High hopes for isotopes
Uravan Minerals believes geochemistry may hold the key to locating uranium deposits
1 of 3Soil sampling is not new in exploration—but Uravan's technique of separating clays from soils was unorthodox and gave a more complete view of the elements present. — Photo courtesy Larry Lahusen
2 of 3Tree coring allowed scientists to chart lead ratios back many years. — Photo courtesy Larry Lahusen
3 of 3An overhead view of the Outer Ring Project in the Athabasca Basin. — Photo courtesy Larry Lahusen
From its beginning, Uravan Minerals Inc. has had a focus on innovation, research and development. Larry Lahusen, the company founder and CEO, has spent much of his life involved in exploration, from uranium in the Colorado Plateau to gold in the 1980s and ‘90s in Canada. He founded Uravan Minerals in 1997, searching first for nickel-copper and platinum group elements on the Rottenstone project in Saskatchewan.
In 2004, the uranium market had recovered sufficiently enough for Uravan to begin hunting for the next high-grade sources of the mineral. They started in the Thelon Basin in Nunavut, searching the Garry Lake project in the northern Thelon and teaming up with Cameco Corporation to explore the Boomerang project in the southwest Thelon. More recently, Uravan has acquired a number of properties in the Athabasca Basin from Cameco, as well as staking two additional claims, the Outer Ring project and Johannsen project properties.
The traditional method of determining uranium drill targets is through geophysics—measuring the electromagnetic (EM) responses of conductors. However, there are challenges with using EM imaging at greater depths, when the resolution of EM conductors decreases. Additionally, though previous drilling in the Athabasca Basin has shown that uranium deposits are found within 25 metres of a conductor, many conductors exist without adjacent deposits. How can explorers narrow down which conductors are drill-worthy?
A new way to search
The answer may lie within geochemistry, specifically lead isotopes.
“We needed to have something else that was going to get us from in the neighbourhood to finding the right house on the block,” said Lahusen. “Geochemistry was the way we went after this.”
Uranium-238 (U238) and uranium-235 (U235) decay to lead-206 (Pb206) and lead-207 (Pb207), respectively. The only source of these lead isotopes is uranium. In vegetation, soils and water removed from uranium deposits, the 207/206 ratio is approximately 0.9—generally known as common lead. At a uranium deposit, the 207/206 ratio is 0.10, referred to as radiogenic lead. As the radiogenic lead isotopes migrate away from the uranium deposit, the resulting mixture of radiogenic and common lead exhibits a 207/206 ratio of less than 0.65.
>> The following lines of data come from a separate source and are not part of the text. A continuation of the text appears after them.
(* Let $\mathfrak l$ be a real finite-dimensional nilpotent admissible Lie algebra with $\dim\mathfrak l'=2$ and $\mathfrak l'\subset\mathfrak z(\mathfrak l)$, and let $n=\dim\mathfrak l-2$. Then there is a basis $X_1,\dots,X_n,Y,Z$ of $\mathfrak l$ such that $[X_1,X_2]=Y$, $[X_1,X_3]=Z$, $[X_2,X_3]=0$, and (if $n\ge4$) $[X_1,X_4]=0$, $[X_2,X_4]=\lambda Z$ for some $\lambda\in\{0,1\}$, and $[X_1,X_j]=[X_2,X_j]=0$ for all $j\ge5$. Moreover, for any such basis and any $j_0$ with $[X_1,X_j]=[X_2,X_j]=[X_3,X_j]=0$ for all $j\ge j_0$, we have $[X_r,X_s]=0$ for all $r,s\ge j_0$.
   Context: For a Lie algebra $\mathfrak l$: $\mathfrak l^1=\mathfrak l$, $\mathfrak l^{k+1}=[\mathfrak l,\mathfrak l^k]$, $\mathfrak l'=\mathfrak l^2$, $\mathfrak z(\mathfrak l)$ the centre. An orthogonal $\mathfrak l$-module $(\rho,\mathfrak a)$ is a finite-dimensional real vector space with a nondegenerate symmetric bilinear form $\langle\cdot,\cdot\rangle_{\mathfrak a}$ and a representation by skew-adjoint maps. $C^p(\mathfrak l,\mathfrak a)$: alternating $p$-linear maps with Chevalley–Eilenberg differential $d$; $C^p(\mathfrak l)=C^p(\mathfrak l,\mathbb R)$; $\langle\alpha\wedge\beta\rangle$ is the wedge product followed by contraction with $\langle\cdot,\cdot\rangle_{\mathfrak a}$. $\mathcal Z^2_Q(\mathfrak l,\mathfrak a)=\{(\alpha,\gamma)\in C^2(\mathfrak l,\mathfrak a)\oplus C^3(\mathfrak l): d\alpha=0,d\gamma=\frac12\langle\alpha\wedge\alpha\rangle\}$; the group $C^1(\mathfrak l,\mathfrak a)\oplus C^2(\mathfrak l)$ with $(\tau_1,\sigma_1)*(\tau_2,\sigma_2)=(\tau_1+\tau_2,\sigma_1+\sigma_2+\frac12\langle\tau_1\wedge\tau_2\rangle)$ acts by $(\alpha,\gamma)(\tau,\sigma)=(\alpha+d\tau,\gamma+d\sigma+\langle(\alpha+\frac12d\tau)\wedge\tau\rangle)$; $\mathcal H^2_Q(\mathfrak l,\mathfrak a)$ is the orbit set. Admissibility: for semisimple $(\rho,\mathfrak a)$, with $\mathfrak l^{m+2}=0$, $\mathfrak l_{(0)}=\mathfrak z(\mathfrak l)\cap\ker\rho$, $\mathfrak l_{(k)}=\mathfrak z(\mathfrak l)\cap\mathfrak l^{k+1}$ ($k\ge1$), and a representative with $\alpha(\mathfrak l,\mathfrak l)\subset\mathfrak a^{\mathfrak l}$, a class is admissible iff for all $0\le k\le m$: $(A_k)$ whenever $L_0\in\mathfrak l_{(k)}$ and there are $A_0\in\mathfrak a$, $Z_0\in(\mathfrak l^{k+1})^*$ with $\alpha(L,L_0)=0$ and $\gamma(L,L_0,\cdot)=-\langle A_0,\alpha(L,\cdot)\rangle_{\mathfrak a}+\langle Z_0,[L,\cdot]\rangle$ on $\mathfrak l^{k+1}$ for all $L$, then $L_0=0$; $(B_k)$ $\alpha$ applied to the kernel of the bracket map $\mathfrak l\otimes\mathfrak l^{k+1}\to\mathfrak l$ is a nondegenerate subspace of $\mathfrak a$. $\mathfrak l$ is admissible if some semisimple orthogonal module admits an admissible class. *)

theory Defs
  imports "HOL-Analysis.Analysis"
begin

text \<open>A Lie algebra is modelled on a Euclidean space type (a finite-dimensional real
vector space; the inner product plays no role) together with a bracket.\<close>

definition lie_algebra :: "('a::euclidean_space \<Rightarrow> 'a \<Rightarrow> 'a) \<Rightarrow> bool" where
  "lie_algebra br \<longleftrightarrow>
     (\<forall>x. linear (br x)) \<and> (\<forall>y. linear (\<lambda>x. br x y)) \<and>
     (\<forall>x. br x x = 0) \<and>
     (\<forall>x y z. br x (br y z) + br y (br z x) + br z (br x y) = 0)"

text \<open>Lower central series, shifted: lcs0 br k is the term with index k+1,
so lcs0 br 0 is the whole algebra and lcs0 br 1 is the derived algebra.\<close>

primrec lcs0 :: "('a::euclidean_space \<Rightarrow> 'a \<Rightarrow> 'a) \<Rightarrow> nat \<Rightarrow> 'a set" where
  "lcs0 br 0 = UNIV"
| "lcs0 br (Suc k) = span {br x y |x y. y \<in> lcs0 br k}"

definition nilpotent_lie :: "('a::euclidean_space \<Rightarrow> 'a \<Rightarrow> 'a) \<Rightarrow> bool" where
  "nilpotent_lie br \<longleftrightarrow> (\<exists>m. lcs0 br m = {0})"

definition centre :: "('a::euclidean_space \<Rightarrow> 'a \<Rightarrow> 'a) \<Rightarrow> 'a set" where
  "centre br = {z. \<forall>x. br x z = 0}"

text \<open>The module is the subspace V of a Euclidean space type (allowing dimension 0);
rho is the action, B the nondegenerate symmetric bilinear form.\<close>

definition rho_invariant :: "('a \<Rightarrow> 'v \<Rightarrow> 'v) \<Rightarrow> 'v set \<Rightarrow> bool" where
  "rho_invariant \<rho> W \<longleftrightarrow> (\<forall>x. \<forall>w\<in>W. \<rho> x w \<in> W)"

definition semisimple_orthogonal_module ::
  "('a::euclidean_space \<Rightarrow> 'a \<Rightarrow> 'a) \<Rightarrow> 'v::euclidean_space set \<Rightarrow> ('a \<Rightarrow> 'v \<Rightarrow> 'v)
   \<Rightarrow> ('v \<Rightarrow> 'v \<Rightarrow> real) \<Rightarrow> bool" where
  "semisimple_orthogonal_module br V \<rho> B \<longleftrightarrow>
     subspace V \<and> rho_invariant \<rho> V \<and>
     (\<forall>x. linear (\<rho> x)) \<and> (\<forall>v. linear (\<lambda>x. \<rho> x v)) \<and>
     (\<forall>x y. \<forall>v\<in>V. \<rho> (br x y) v = \<rho> x (\<rho> y v) - \<rho> y (\<rho> x v)) \<and>
     (\<forall>v. linear (B v)) \<and> (\<forall>w. linear (\<lambda>v. B v w)) \<and>
     (\<forall>v\<in>V. \<forall>w\<in>V. B v w = B w v) \<and>
     (\<forall>v\<in>V. (\<forall>w\<in>V. B v w = 0) \<longrightarrow> v = 0) \<and>
     (\<forall>x. \<forall>v\<in>V. \<forall>w\<in>V. B (\<rho> x v) w = - B v (\<rho> x w)) \<and>
     \<comment> \<open>semisimple = completely reducible\<close>
     (\<forall>W. subspace W \<and> W \<subseteq> V \<and> rho_invariant \<rho> W \<longrightarrow>
        (\<exists>U. subspace U \<and> U \<subseteq> V \<and> rho_invariant \<rho> U \<and> W \<inter> U = {0} \<and>
             (\<forall>v\<in>V. \<exists>w\<in>W. \<exists>u\<in>U. v = w + u)))"

definition invariants :: "('a \<Rightarrow> 'v \<Rightarrow> 'v) \<Rightarrow> 'v::real_vector set \<Rightarrow> 'v set" where
  "invariants \<rho> V = {v\<in>V. \<forall>x. \<rho> x v = 0}"

definition cochain2 :: "'v::euclidean_space set \<Rightarrow> ('a::euclidean_space \<Rightarrow> 'a \<Rightarrow> 'v) \<Rightarrow> bool" where
  "cochain2 V \<alpha> \<longleftrightarrow> (\<forall>x. linear (\<alpha> x)) \<and> (\<forall>y. linear (\<lambda>x. \<alpha> x y)) \<and>
     (\<forall>x. \<alpha> x x = 0) \<and> (\<forall>x y. \<alpha> x y \<in> V)"

definition cochain3 :: "('a::euclidean_space \<Rightarrow> 'a \<Rightarrow> 'a \<Rightarrow> real) \<Rightarrow> bool" where
  "cochain3 \<gamma> \<longleftrightarrow> (\<forall>x y. linear (\<gamma> x y)) \<and> (\<forall>x z. linear (\<lambda>y. \<gamma> x y z)) \<and>
     (\<forall>y z. linear (\<lambda>x. \<gamma> x y z)) \<and>
     (\<forall>x z. \<gamma> x x z = 0) \<and> (\<forall>x y. \<gamma> x y y = 0) \<and> (\<forall>x y. \<gamma> x y x = 0)"

text \<open>Chevalley--Eilenberg differential of a 2-cochain with values in the module.\<close>
definition d2 :: "('a \<Rightarrow> 'a \<Rightarrow> 'a) \<Rightarrow> ('a \<Rightarrow> 'v \<Rightarrow> 'v) \<Rightarrow> ('a \<Rightarrow> 'a \<Rightarrow> 'v::real_vector)
                 \<Rightarrow> 'a \<Rightarrow> 'a \<Rightarrow> 'a \<Rightarrow> 'v" where
  "d2 br \<rho> \<alpha> x y z =
     \<rho> x (\<alpha> y z) - \<rho> y (\<alpha> x z) + \<rho> z (\<alpha> x y)
     - \<alpha> (br x y) z + \<alpha> (br x z) y - \<alpha> (br y z) x"

text \<open>Chevalley--Eilenberg differential of a real 3-cochain (trivial coefficients).\<close>
definition d3 :: "('a \<Rightarrow> 'a \<Rightarrow> 'a) \<Rightarrow> ('a \<Rightarrow> 'a \<Rightarrow> 'a \<Rightarrow> real) \<Rightarrow> 'a \<Rightarrow> 'a \<Rightarrow> 'a \<Rightarrow> 'a \<Rightarrow> real" where
  "d3 br \<gamma> x1 x2 x3 x4 =
     - \<gamma> (br x1 x2) x3 x4 + \<gamma> (br x1 x3) x2 x4 - \<gamma> (br x1 x4) x2 x3
     - \<gamma> (br x2 x3) x1 x4 + \<gamma> (br x2 x4) x1 x3 - \<gamma> (br x3 x4) x1 x2"

text \<open>Half of the contracted wedge square of a 2-cochain (shuffle convention).\<close>
definition half_wedge_sq :: "('v \<Rightarrow> 'v \<Rightarrow> real) \<Rightarrow> ('a \<Rightarrow> 'a \<Rightarrow> 'v) \<Rightarrow> 'a \<Rightarrow> 'a \<Rightarrow> 'a \<Rightarrow> 'a \<Rightarrow> real" where
  "half_wedge_sq B \<alpha> x1 x2 x3 x4 =
     B (\<alpha> x1 x2) (\<alpha> x3 x4) - B (\<alpha> x1 x3) (\<alpha> x2 x4) + B (\<alpha> x1 x4) (\<alpha> x2 x3)"

definition quad_cocycle ::
  "('a::euclidean_space \<Rightarrow> 'a \<Rightarrow> 'a) \<Rightarrow> 'v::euclidean_space set \<Rightarrow> ('a \<Rightarrow> 'v \<Rightarrow> 'v)
   \<Rightarrow> ('v \<Rightarrow> 'v \<Rightarrow> real) \<Rightarrow> ('a \<Rightarrow> 'a \<Rightarrow> 'v) \<Rightarrow> ('a \<Rightarrow> 'a \<Rightarrow> 'a \<Rightarrow> real) \<Rightarrow> bool" where
  "quad_cocycle br V \<rho> B \<alpha> \<gamma> \<longleftrightarrow>
     cochain2 V \<alpha> \<and> cochain3 \<gamma> \<and>
     (\<forall>x y z. d2 br \<rho> \<alpha> x y z = 0) \<and>
     (\<forall>x1 x2 x3 x4. d3 br \<gamma> x1 x2 x3 x4 = half_wedge_sq B \<alpha> x1 x2 x3 x4)"

definition lsub :: "('a::euclidean_space \<Rightarrow> 'a \<Rightarrow> 'a) \<Rightarrow> 'v::real_vector set \<Rightarrow> ('a \<Rightarrow> 'v \<Rightarrow> 'v)
                   \<Rightarrow> nat \<Rightarrow> 'a set" where
  "lsub br V \<rho> k =
     (if k = 0 then {z \<in> centre br. \<forall>v\<in>V. \<rho> z v = 0} else centre br \<inter> lcs0 br k)"

definition cond_A ::
  "('a::euclidean_space \<Rightarrow> 'a \<Rightarrow> 'a) \<Rightarrow> 'v::euclidean_space set \<Rightarrow> ('a \<Rightarrow> 'v \<Rightarrow> 'v)
   \<Rightarrow> ('v \<Rightarrow> 'v \<Rightarrow> real) \<Rightarrow> ('a \<Rightarrow> 'a \<Rightarrow> 'v) \<Rightarrow> ('a \<Rightarrow> 'a \<Rightarrow> 'a \<Rightarrow> real) \<Rightarrow> nat \<Rightarrow> bool" where
  "cond_A br V \<rho> B \<alpha> \<gamma> k \<longleftrightarrow>
     (\<forall>L0. L0 \<in> lsub br V \<rho> k \<and>
        (\<exists>A0\<in>V. \<exists>Z0::'a \<Rightarrow> real. linear Z0 \<and>
           (\<forall>L. \<alpha> L L0 = 0) \<and>
           (\<forall>L. \<forall>X\<in>lcs0 br k. \<gamma> L L0 X = - B A0 (\<alpha> L X) + Z0 (br L X)))
      \<longrightarrow> L0 = 0)"

text \<open>Image under alpha of the kernel of the bracket map from l tensor l^(k+1) to l;
elements of the tensor product are written as finite sums of pure tensors.\<close>
definition alpha_kernel_image ::
  "('a::euclidean_space \<Rightarrow> 'a \<Rightarrow> 'a) \<Rightarrow> ('a \<Rightarrow> 'a \<Rightarrow> 'v::real_vector) \<Rightarrow> nat \<Rightarrow> 'v set" where
  "alpha_kernel_image br \<alpha> k =
     {sum_list (map (\<lambda>(x, y). \<alpha> x y) ps) |ps.
        (\<forall>(x, y)\<in>set ps. y \<in> lcs0 br k) \<and> sum_list (map (\<lambda>(x, y). br x y) ps) = 0}"

definition nondegenerate_subspace :: "('v \<Rightarrow> 'v \<Rightarrow> real) \<Rightarrow> 'v::real_vector set \<Rightarrow> bool" where
  "nondegenerate_subspace B W \<longleftrightarrow> (\<forall>w\<in>W. (\<forall>u\<in>W. B w u = 0) \<longrightarrow> w = 0)"

definition cond_B ::
  "('a::euclidean_space \<Rightarrow> 'a \<Rightarrow> 'a) \<Rightarrow> ('v::real_vector \<Rightarrow> 'v \<Rightarrow> real) \<Rightarrow> ('a \<Rightarrow> 'a \<Rightarrow> 'v) \<Rightarrow> nat \<Rightarrow> bool" where
  "cond_B br B \<alpha> k \<longleftrightarrow> nondegenerate_subspace B (alpha_kernel_image br \<alpha> k)"

text \<open>An admissible class in quadratic cohomology of a semisimple orthogonal module,
given by a representative (alpha, gamma) with alpha(l,l) in the invariants.
Conditions are required for all k; for k > m (with l^(m+2) = 0) they hold trivially.\<close>
definition admissible_data ::
  "('a::euclidean_space \<Rightarrow> 'a \<Rightarrow> 'a) \<Rightarrow> 'v::euclidean_space set \<Rightarrow> ('a \<Rightarrow> 'v \<Rightarrow> 'v)
   \<Rightarrow> ('v \<Rightarrow> 'v \<Rightarrow> real) \<Rightarrow> ('a \<Rightarrow> 'a \<Rightarrow> 'v) \<Rightarrow> ('a \<Rightarrow> 'a \<Rightarrow> 'a \<Rightarrow> real) \<Rightarrow> bool" where
  "admissible_data br V \<rho> B \<alpha> \<gamma> \<longleftrightarrow>
     semisimple_orthogonal_module br V \<rho> B \<and>
     quad_cocycle br V \<rho> B \<alpha> \<gamma> \<and>
     (\<forall>x y. \<alpha> x y \<in> invariants \<rho> V) \<and>
     (\<forall>k. cond_A br V \<rho> B \<alpha> \<gamma> k \<and> cond_B br B \<alpha> k)"
lemma pre_conserves_ins_III:
  assumes wf: "wf_pre M" and fr: "fresh2 M v v'" and zz': "{z, z'} \<in> pD M" and "c \<in> {3,4}"
    and cons: "pre_conserves M r S j k" and m: "m = mom r S j k z" "m \<le> s"
    and "j' \<le> s" "k' \<le> s"
    and J: "\<And>i i'. (i, i') \<in> set [(a,1), (2,c), (7-a,2)] \<Longrightarrow>
      slot_mom s j' k' i' = slot_mom s m b i"
  shows "pre_conserves \<lparr>pV = pV M \<union> {v, v'}, pP = (pP M)(v := z, v' := (v,a)),
      pD = (pD M - {{z, z'}}) \<union> {{(v,2),(v',c)}, {(v,7-a),(v',2)}, {(v',7-c), z'}}, pW = W\<rparr>
      r (S(v := s, v' := s)) (j(v := m, v' := j')) (k(v := b, v' := k'))"
proof -
  have fr': "v \<noteq> v'" "v \<noteq> 0" "v' \<noteq> 0" "v \<notin> pV M" "v' \<notin> pV M"
    using fr by (auto simp: fresh2_def)
  have "fst z \<noteq> v \<and> fst z \<noteq> v'" "fst z' \<noteq> v \<and> fst z' \<noteq> v'"
    using wf_pre_dashedD[OF wf zz', of z] wf_pre_dashedD[OF wf zz', of z'] fr' by auto
  moreover have "mom r S j k z' = m" using cons zz' m by (simp add: pre_conserves_def)
  moreover have "slot_mom s j' k' (7 - c) = m"
    using J[of 2 c] \<open>c \<in> {3,4}\<close> \<open>k' \<le> s\<close> m by (auto simp: slot_mom_def)
  ultimately show ?thesis
    using fr' J[of a 1] J[of 2 c] J[of "7-a" 2] m
    by (intro pre_conserves_insert[OF wf fr cons]) (auto simp: mom_insert_old mom_vertex)
qed

lemma pre_conserves_ins_IIs:
  assumes wf: "wf_pre M" and fr: "fresh2 M v v'" and z: "z \<in> pV M"
    and cons: "pre_conserves M r S j k" and m: "m = mom r S j k (pP M z)" "m \<le> s"
    and "j' \<le> s" "k' \<le> s"
    and J: "\<And>i i'. (i, i') \<in> set [(2,1), (3,c), (4,7-c)] \<Longrightarrow>
      slot_mom s j' k' i' = slot_mom s m b i"
  shows "pre_conserves \<lparr>pV = pV M \<union> {v, v'},
      pP = (pP M)(v := pP M z, v' := (v,2), z := (v',2)),
      pD = pD M \<union> {{(v,3),(v',c)}, {(v,4),(v',7-c)}}, pW = W\<rparr>
      r (S(v := s, v' := s)) (j(v := m, v' := j')) (k(v := b, v' := k'))"
proof -
  have fr': "v \<noteq> v'" "v \<noteq> 0" "v' \<noteq> 0" "v \<notin> pV M" "v' \<notin> pV M"
    using fr by (auto simp: fresh2_def)
  have "fst (pP M z) \<noteq> v \<and> fst (pP M z) \<noteq> v'" "z \<noteq> v \<and> z \<noteq> v'"
    using wf_pre_parentD[OF wf z] z fr' by auto
  moreover have "mom r S j k (z, 1) = m" using cons z m by (simp add: pre_conserves_def)
  moreover have "j' = s - m" using J[of 2 1] by (simp add: slot_mom_def)
  ultimately show ?thesis
    using fr' J[of 3 c] J[of 4 "7-c"] m
    by (intro pre_conserves_insert[OF wf fr cons])
      (auto simp: mom_insert_old mom_vertex slot_mom_def)
qed

lemma pre_conserves_ins_IIIs:
  assumes wf: "wf_pre M" and fr: "fresh2 M v v'" and z: "z \<in> pV M" and "c \<in> {3,4}"
    and cons: "pre_conserves M r S j k" and m: "m = mom r S j k (pP M z)" "m \<le> s"
    and "j' \<le> s" "k' \<le> s"
    and J: "\<And>i i'. (i, i') \<in> set [(a,1), (2,7-c), (7-a,2)] \<Longrightarrow>
      slot_mom s j' k' i' = slot_mom s m b i"
  shows "pre_conserves \<lparr>pV = pV M \<union> {v, v'},
      pP = (pP M)(v := pP M z, v' := (v,a), z := (v',c)),
      pD = pD M \<union> {{(v,2),(v',7-c)}, {(v,7-a),(v',2)}}, pW = W\<rparr>
      r (S(v := s, v' := s)) (j(v := m, v' := j')) (k(v := b, v' := k'))"
proof -
  have fr': "v \<noteq> v'" "v \<noteq> 0" "v' \<noteq> 0" "v \<notin> pV M" "v' \<notin> pV M"
    using fr by (auto simp: fresh2_def)
  have "fst (pP M z) \<noteq> v \<and> fst (pP M z) \<noteq> v'" "z \<noteq> v \<and> z \<noteq> v'"
    using wf_pre_parentD[OF wf z] z fr' by auto
  moreover have "mom r S j k (z, 1) = m" using cons z m by (simp add: pre_conserves_def)
  moreover have "slot_mom s j' k' c = m"
    using J[of 2 "7-c"] \<open>c \<in> {3,4}\<close> \<open>k' \<le> s\<close> m by (auto simp: slot_mom_def)
  ultimately show ?thesis
    using fr' J[of a 1] J[of 2 "7-c"] J[of "7-a" 2] m
    by (intro pre_conserves_insert[OF wf fr cons]) (auto simp: mom_insert_old mom_vertex)
qed

text \<open>Attributions are required to vanish off the vertex set, so that relabelling them by heap
  labels is injective.\<close>

definition pre_admissible :: "pre \<Rightarrow> nat \<Rightarrow> attribution \<Rightarrow> bool" where
  "pre_admissible M r A \<longleftrightarrow> (case A of (S, j, k) \<Rightarrow>
     (\<forall>u. u \<notin> pV M \<longrightarrow> S u = 0 \<and> j u = 0 \<and> k u = 0) \<and>
     (\<forall>u. j u \<le> S u \<and> k u \<le> S u) \<and> pre_conserves M r S j k) \<and>
     (\<forall>w\<in>pW M. wavy_ok A w)"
This anomalous isotope ratio may hold the key to identifying drill targets, but it has taken several years of research to understand the process of isotope migration. Uravan began researching lead isotope ratios at the Boomerang project, sponsoring a PhD student from the Queen’s Facility for Isotope Research (QFIR) at Queen’s University in Kingston, Ontario. Through soil and vegetation samples, as well as analysis of the basin sands, Uravan and QFIR were better able to understand fluid movement and reactivation of basement structures. They also used an unorthodox method of preparing the soil samples, and separated clay from soil, thus analyzing a homogenous sample of clay. This concentrates any of the mobile elements from greater depths.
Next, fellow exploration companies AREVA and Cameco allowed Uravan to conduct a study on the Cigar Lake deposit, a known high-grade uranium source. Soil and vegetation samples were taken; elements present within the fracture zones above the deposit were identified and tree cores were analyzed.
Potential game-changers
The results, which showed clear isotopic signatures and elements that had migrated through sandstone, were promising—so much so that Uravan and QFIR have entered into a three-year grant to further study the theory behind isotope migration. Uranium deposits—and other mineral deposits such as copper-lead—are, as Lahusen said, “big lunch boxes for microbes.” The microbial activity creates gaseous compounds that travel upward, leaving behind the identifiable elemental and isotopic anomalies.
A current focus at Uravan is drilling on its Outer Ring project. It is here that applied research, employing the results from the Cigar West study, becomes evident, as the drill targets are based solely on geochemistry. Spectral analysis of core samples will be compiled to deduce the hydrothermal activity that has occurred. A weak acid leach of core sand grains—another innovative approach—will shed light on the fluids that have travelled through the sandstone, potentially including radiogenic lead. Though all five holes may not indicate uranium mineralization, positive results would signify that Uravan is looking in the right area.
“This is the first time ever that anyone has drilled a geochemical target without a geophysical signature,” said Lahusen. “If it’s successful, it’ll be a game-changer with regard to how exploration is carried out in the Athabasca Basin.”